Author Ian Fleming used the Royal St George's course under the name "Royal St. Marks" in his 1959 novel Goldfinger. In 1964, Fleming was elected Captain by his predecessor Eric Pemberton. The following day, Fleming died of a heart attack at a hospital in Canterbury.

== Competitions ==

=== Challenge Cup ===
The club's Challenge Cup dates from 1888 and is one of the oldest amateur events in golf. It has been contested annually over 36 holes except during the war years. A 19-year-old Jack Nicklaus won the tournament in 1959 shortly before going on to win the first of his two U.S. Amateur titles.

=== Halford Hewitt ===
After being founded in 1924, The Halford Hewitt, a foursomes knockout match, was originally played at Royal Cinque Ports Golf Club. In 1950, the competition, due to increased capacity, expanded its first two out of ten rounds to The Royal St George's Golf Club, and has since then been the case.
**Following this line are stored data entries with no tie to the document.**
(* Let $f=f^\alpha$ be a developable strip along an arc-length parametrized $C^\infty$ embedded curve $\mathbf c:I\to\mathbb R^3$ with curvature $\kappa>0$, and let $\check f$ be its dual. Let $$S:=\{(t,v)\in\Omega_\epsilon:\ \exists\,(t',v')\in\Omega_\epsilon\setminus\{(t,v)\}\text{ with }\phi_f(t,v)=\psi_f(t',v')\},$$ where $\Omega_\epsilon=I\times(-\epsilon,\epsilon)$. Then for sufficiently small $\epsilon>0$, the set $S$ has no interior points.
   Context: Space curves. For a $C^\infty$ curve $\mathbf c:I\to\mathbb R^3$, $I=[a,b]$, parametrized by arc length with curvature $\kappa=|\mathbf c''|>0$, set $\mathbf e=\mathbf c'$, $\mathbf n=\mathbf c''/\kappa$, $\mathbf b=\mathbf e\times\mathbf n$, and torsion $\tau:=\mathbf n'\cdot\mathbf b$. Developable strips. Given $C^\infty$ functions $\alpha,\beta$ on $I$ with $0<|\alpha(t)|<\pi/2$ and $0<\beta(t)<\pi$, the ruled surface is $f(t,v)=\mathbf c(t)+v\,\xi(t)$, $(t,v)\in I\times(-\epsilon,\epsilon)$, with $\xi=\cos\beta\,\mathbf e+\sin\beta(\cos\alpha\,\mathbf n+\sin\alpha\,\mathbf b)$; $\alpha$ is the first angular function. $f$ is developable iff $\cot\beta=(\alpha'+\tau)/(\kappa\sin\alpha)$; the developable strip with first angular function $\alpha$ is denoted $f^\alpha$. The dual of $f=f^\alpha$ is $\check f:=f^{-\alpha}$. Origami maps. $\phi_f(t,v)=f(t,v)$ for $v\ge0$ and $\phi_f(t,v)=\check f(t,v)$ for $v<0$; $\psi_f(t,v)=\check f(t,v)$ for $v\ge0$ and $\psi_f(t,v)=f(t,v)$ for $v<0$. *)

theory Defs
  imports "HOL-Analysis.Analysis"
begin

(* C^infinity on a (closed) interval I: derivatives of all orders exist, taken within I
   (one-sided at the endpoints). *)
definition Cinf_on :: "real set \<Rightarrow> (real \<Rightarrow> 'a::real_normed_vector) \<Rightarrow> bool" where
  "Cinf_on I g \<longleftrightarrow> (\<exists>D. (\<forall>t\<in>I. D 0 t = g t) \<and>
      (\<forall>k. \<forall>t\<in>I. (D k has_vector_derivative D (Suc k) t) (at t within I)))"

definition vd :: "real set \<Rightarrow> (real \<Rightarrow> 'a::real_normed_vector) \<Rightarrow> real \<Rightarrow> 'a" where
  "vd I g t = vector_derivative g (at t within I)"

definition tangent :: "real set \<Rightarrow> (real \<Rightarrow> real^3) \<Rightarrow> real \<Rightarrow> real^3" where
  "tangent I c t = vd I c t"

definition curvature :: "real set \<Rightarrow> (real \<Rightarrow> real^3) \<Rightarrow> real \<Rightarrow> real" where
  "curvature I c t = norm (vd I (vd I c) t)"

definition normal :: "real set \<Rightarrow> (real \<Rightarrow> real^3) \<Rightarrow> real \<Rightarrow> real^3" where
  "normal I c t = (1 / curvature I c t) *\<^sub>R vd I (vd I c) t"

definition binormal :: "real set \<Rightarrow> (real \<Rightarrow> real^3) \<Rightarrow> real \<Rightarrow> real^3" where
  "binormal I c t = cross3 (tangent I c t) (normal I c t)"

definition torsion :: "real set \<Rightarrow> (real \<Rightarrow> real^3) \<Rightarrow> real \<Rightarrow> real" where
  "torsion I c t = vd I (normal I c) t \<bullet> binormal I c t"

definition strip_beta :: "real set \<Rightarrow> (real \<Rightarrow> real^3) \<Rightarrow> (real \<Rightarrow> real) \<Rightarrow> real \<Rightarrow> real" where
  "strip_beta I c \<alpha> t = (THE \<beta>. 0 < \<beta> \<and> \<beta> < pi \<and>
      cot \<beta> = (vd I \<alpha> t + torsion I c t) / (curvature I c t * sin (\<alpha> t)))"

definition ruling :: "real set \<Rightarrow> (real \<Rightarrow> real^3) \<Rightarrow> (real \<Rightarrow> real) \<Rightarrow> real \<Rightarrow> real^3" where
  "ruling I c \<alpha> t = (let \<beta> = strip_beta I c \<alpha> t in
     cos \<beta> *\<^sub>R tangent I c t +
     sin \<beta> *\<^sub>R (cos (\<alpha> t) *\<^sub>R normal I c t + sin (\<alpha> t) *\<^sub>R binormal I c t))"

definition dev_strip :: "real set \<Rightarrow> (real \<Rightarrow> real^3) \<Rightarrow> (real \<Rightarrow> real) \<Rightarrow> real \<times> real \<Rightarrow> real^3" where
  "dev_strip I c \<alpha> p = c (fst p) + snd p *\<^sub>R ruling I c \<alpha> (fst p)"

definition dual_strip :: "real set \<Rightarrow> (real \<Rightarrow> real^3) \<Rightarrow> (real \<Rightarrow> real) \<Rightarrow> real \<times> real \<Rightarrow> real^3" where
  "dual_strip I c \<alpha> = dev_strip I c (\<lambda>t. - \<alpha> t)"

definition origami_phi :: "real set \<Rightarrow> (real \<Rightarrow> real^3) \<Rightarrow> (real \<Rightarrow> real) \<Rightarrow> real \<times> real \<Rightarrow> real^3" where
  "origami_phi I c \<alpha> p = (if snd p \<ge> 0 then dev_strip I c \<alpha> p else dual_strip I c \<alpha> p)"

definition origami_psi :: "real set \<Rightarrow> (real \<Rightarrow> real^3) \<Rightarrow> (real \<Rightarrow> real) \<Rightarrow> real \<times> real \<Rightarrow> real^3" where
  "origami_psi I c \<alpha> p = (if snd p \<ge> 0 then dual_strip I c \<alpha> p else dev_strip I c \<alpha> p)"

definition Omega :: "real \<Rightarrow> real \<Rightarrow> real \<Rightarrow> (real \<times> real) set" where
  "Omega a b \<epsilon> = {p. fst p \<in> {a..b} \<and> snd p \<in> {-\<epsilon><..<\<epsilon>}}"

end

(* Let P and Q be the rulings of f and of its dual. Because 0 < |alpha| < pi/2, the tangent e and
   P, Q are linearly independent, uniformly along the compact curve. Near the diagonal a coincidence
   phi(t,v) = psi(t',v') reads, to first order, (t'-t) e + v' Y - v X = o(|t'-t| + |v'|) with X, Y
   among P, Q; as psi uses the other ruling than phi on each side of the crease, the left-hand side
   has coefficients of total size |t'-t| + |v| + |v'|, forcing t = t' and v = v' = 0. Away from the
   diagonal, injectivity of c keeps the two points apart once epsilon is small. So the set S is in
   fact empty for small epsilon. *)
theory Submission
  imports Defs
begin

section \<open>Derivatives within a closed interval\<close>

lemma vd_eqI:
  assumes "a < b" "t \<in> {a..b}" "(g has_vector_derivative d) (at t within {a..b})"
  shows "vd {a..b} g t = d"
  using vector_derivative_within_cbox[of a b t g d] assms by (simp add: vd_def)

lemma Cinf_on_continuous_on:
  assumes "Cinf_on I g"
  shows "continuous_on I g"
proof -
  obtain D where D0: "\<forall>t\<in>I. D 0 t = g t"
    and D: "\<forall>k. \<forall>t\<in>I. (D k has_vector_derivative D (Suc k) t) (at t within I)"
    using assms unfolding Cinf_on_def by blast
  have "continuous_on I (D 0)"
    using D by (meson continuous_on_eq_continuous_within has_vector_derivative_continuous)
  then show ?thesis
    by (rule continuous_on_eq) (use D0 in auto)
qed

lemma Cinf_on_has_vd:
  assumes "a < b" "Cinf_on {a..b} g" "t \<in> {a..b}"
  shows "(g has_vector_derivative vd {a..b} g t) (at t within {a..b})"
proof -
  obtain D where D0: "\<forall>t\<in>{a..b}. D 0 t = g t"
    and D: "\<forall>k. \<forall>t\<in>{a..b}. (D k has_vector_derivative D (Suc k) t) (at t within {a..b})"
    using assms(2) unfolding Cinf_on_def by blast
  have "(g has_vector_derivative D (Suc 0) t) (at t within {a..b})"
    by (rule has_vector_derivative_transform[OF assms(3), of g "D 0"]) (use D0 D assms(3) in auto)
  moreover from this have "vd {a..b} g t = D (Suc 0) t"
    using assms by (intro vd_eqI)
  ultimately show ?thesis
    by simp
qed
=== The Open Championship ===
Royal St George's has hosted The Open Championship on 15 occasions since 1894. This was the first time the event had been held outside Scotland. Due to Sandwich's medieval styled architecture and roads, traffic became increasingly difficult to manage, and the club would not see another Open Championship for more than 30 years after Bobby Locke's win in 1949. Along with traffic capabilities, Royal St George's was redeemed as inappropriate test for a modern professional.

| Year | Winner | Score |  |  |  |  | Winners share (£) |
| R1 | R2 | R3 | R4 | Total |
| 1894 | ENG J.H. Taylor ^{1st} | 84 | 80 | 81 | 81 | 326 | 30 |
| 1899 | Jersey Harry Vardon ^{3rd} | 76 | 76 | 81 | 77 | 310 | 30 |
| 1904 | SCO Jack White | 80 | 75 | 72 | 69 | 296 | 50 |
| 1911 | Jersey Harry Vardon ^{5th} | 74 | 74 | 75 | 80 | 303 ^{PO} | 50 |
| 1922 | USA Walter Hagen ^{1st} | 76 | 73 | 79 | 72 | 300 | 75 |
| 1928 | USA Walter Hagen ^{3rd} | 75 | 73 | 72 | 72 | 292 | 100 |
| 1934 | ENG Henry Cotton ^{1st} | 67 | 65 | 72 | 79 | 283 | 100 |
| 1938 | ENG Reg Whitcombe | 71 | 71 | 75 | 78 | 295 | 100 |
| 1949 | ZAF Bobby Locke ^{1st} | 69 | 76 | 68 | 70 | 283 (−5) | 300 |
| 1981 | USA Bill Rogers | 72 | 66 | 67 | 71 | 276 (−4) | 25,000 |
| 1985 | SCO Sandy Lyle | 68 | 71 | 73 | 70 | 282 (+2) | 65,000 |
| 1993 | AUS Greg Norman ^{2nd} | 66 | 68 | 69 | 64 | 267 (−13) | 100,000 |
| 2003 | USA Ben Curtis | 72 | 72 | 70 | 69 | 283 (−1) | 700,000 |
| 2011 | NIR Darren Clarke | 68 | 68 | 69 | 70 | 275 (−5) | 900,000 |
| 2021 | USA Collin Morikawa | 67 | 64 | 68 | 66 | 265 (−15) | $2,070,000 |

- Note: For multiple winners of The Open Championship, superscript ordinal identifies which in their respective careers.